Our current generation of Brown Berets of Sonoma County began in April of 2010 as a small group of young men of different backgrounds felt that our community needed this type of revolutionary political-cultural perspective which was not found in our area. We quickly got to establishing our organization suited to our local area, have continuously been developing and strive to always be open to learning while 'keeping our eyes on the prize' (and old movement saying). We are consensus-based in our decisions and have our Elders' Council as a general guide and support, who we are given very wise advice from. Ideologically, we respect the necessity of having a nationalist perspective because the ages old struggle for social justice is necessarily born out of the need for the oppressed to liberate themselves, and therefore existing the necessity to identify with traits that unifies these people(not limited to ethnicity or class). We also respect active internationalist solidarity, which we believe is just as important as nationalism in collectively manifesting the environment of a revolutionary/utopian society of social justice. In having a reasoned balance of these two principles, we agree that we do allow anybody for our recruitment process but will always continue to be a Raza oriented organization. Early on, we participated in the occupation of Sogorea-Te (the Glen Cove take back in Vallejo), presented several workshops at several events, held a live-broadcasted discussion panel (in collaboration with our historic KBBF), and a few fundraisers. We have usually preferred to collaborate with other organizations for the purposes of building relationships. Recently we have added Ramon to our group and are proud of his exemplary activity that embodies the example of a developing Brown Beret with his heart in the right place, an element required for the long-term revolutionary struggle. We have continued to stay true to the vision of a revolutionary perspective and have not lost our way by falling to the illusion of liberalism (the notion of seemingly progressive politics that is ultimately un-loyal to the people) or selling out in any other way.
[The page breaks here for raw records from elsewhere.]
lemma admissible_annihilates_radical:
  assumes bilin: "bilinear br" "bilinear act" "bilinear \<beta>" and adm: "admissible (gbr br act \<beta>)"
    and radical: "\<And>w. \<beta> u w = 0"
  shows "act x u = 0"
proof -
  have "gbr br act \<beta> (0, u, 0) (gbr br act \<beta> (0, u, 0) p) = 0" for p
    using radical bilin
    by (cases p) (simp add: bilinear_lzero bilinear_rzero bilinear_rneg zero_prod_def)
  then have "gbr br act \<beta> (0, u, 0) (0, 0, x) = 0"
    by (rule admissible_ad_square_zero[OF adm bilinear_gbr[OF bilin]])
  then show ?thesis using bilin by (simp add: bilinear_lzero bilinear_rzero zero_prod_def)
qed

lemma quadratic_form_vanishes_imp_zero:
  assumes red: "reductive br" and module: "lie_module br act" and form: "invariant_skew_form act \<beta>"
    and adm: "admissible (gbr br act \<beta>)" and faithful: "faithful act"
    and zero: "\<And>v. \<beta> (act x v) v = 0"
  shows "x = 0"
proof -
  have lie: "lie_algebra br" using red unfolding reductive_def by blast
  have bbr: "bilinear br" using lie unfolding lie_algebra_def by blast
  have ba: "bilinear act" and rep: "\<And>a b v. act (br a b) v = act a (act b v) - act b (act a v)"
    using module unfolding lie_module_def by blast+
  have bb: "bilinear \<beta>" using form unfolding invariant_skew_form_def by blast
  define N where "N = {y. \<forall>v w. \<beta> (act y v) w = 0}"
  have ideal: "lie_ideal br N" unfolding N_def by (rule lie_ideal_form_annihilator[OF module form])
  have xN: "x \<in> N" unfolding N_def using invariant_skew_form_polarize[OF ba form zero] by blast
  have annihilated: "act c (act a v) = 0" if "a \<in> N" for a c v
    using that admissible_annihilates_radical[OF bbr ba bb adm] unfolding N_def by blast
  have "br a x = 0" if "a \<in> N" for a
    using faithful annihilated[OF that] annihilated[OF xN] unfolding faithful_def by (simp add: rep)
  then have central: "br x c = 0" for c
    using reductive_centralizes_ideal[OF red ideal xN] lie_algebra_antisym[OF lie, of x c] by simp
  have "gbr br act \<beta> (0, 0, x) (gbr br act \<beta> (0, 0, x) p) = 0" for p
    using annihilated[OF xN] central bbr ba bb
    by (cases p) (simp add: bilinear_lzero bilinear_rzero zero_prod_def)
  then have "gbr br act \<beta> (0, 0, x) (0, v, 0) = 0" for v
    by (rule admissible_ad_square_zero[OF adm bilinear_gbr[OF bbr ba bb]])
  then have "act x v = 0" for v
    using ba bb bbr by (simp add: bilinear_lzero bilinear_rzero zero_prod_def)
  then show ?thesis using faithful unfolding faithful_def by blast
qed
The struggle is long from dead. The only reasonable way to deal with today's reality is by living the genuine existence that the revolutionary life-style advocates. Ignoring a problem is the easiest way of selling out. Our loved ones and our people of today, the past and the future depend on us to do our part to make all the difference for them and for ourselves. One of the most grounding fundamentals us revolutionaries live with is that we are honest with our own selves. This allows us to be genuine with others and paves the road for the establishing of the revolutionary world that, in one way or another, we all have always struggled for.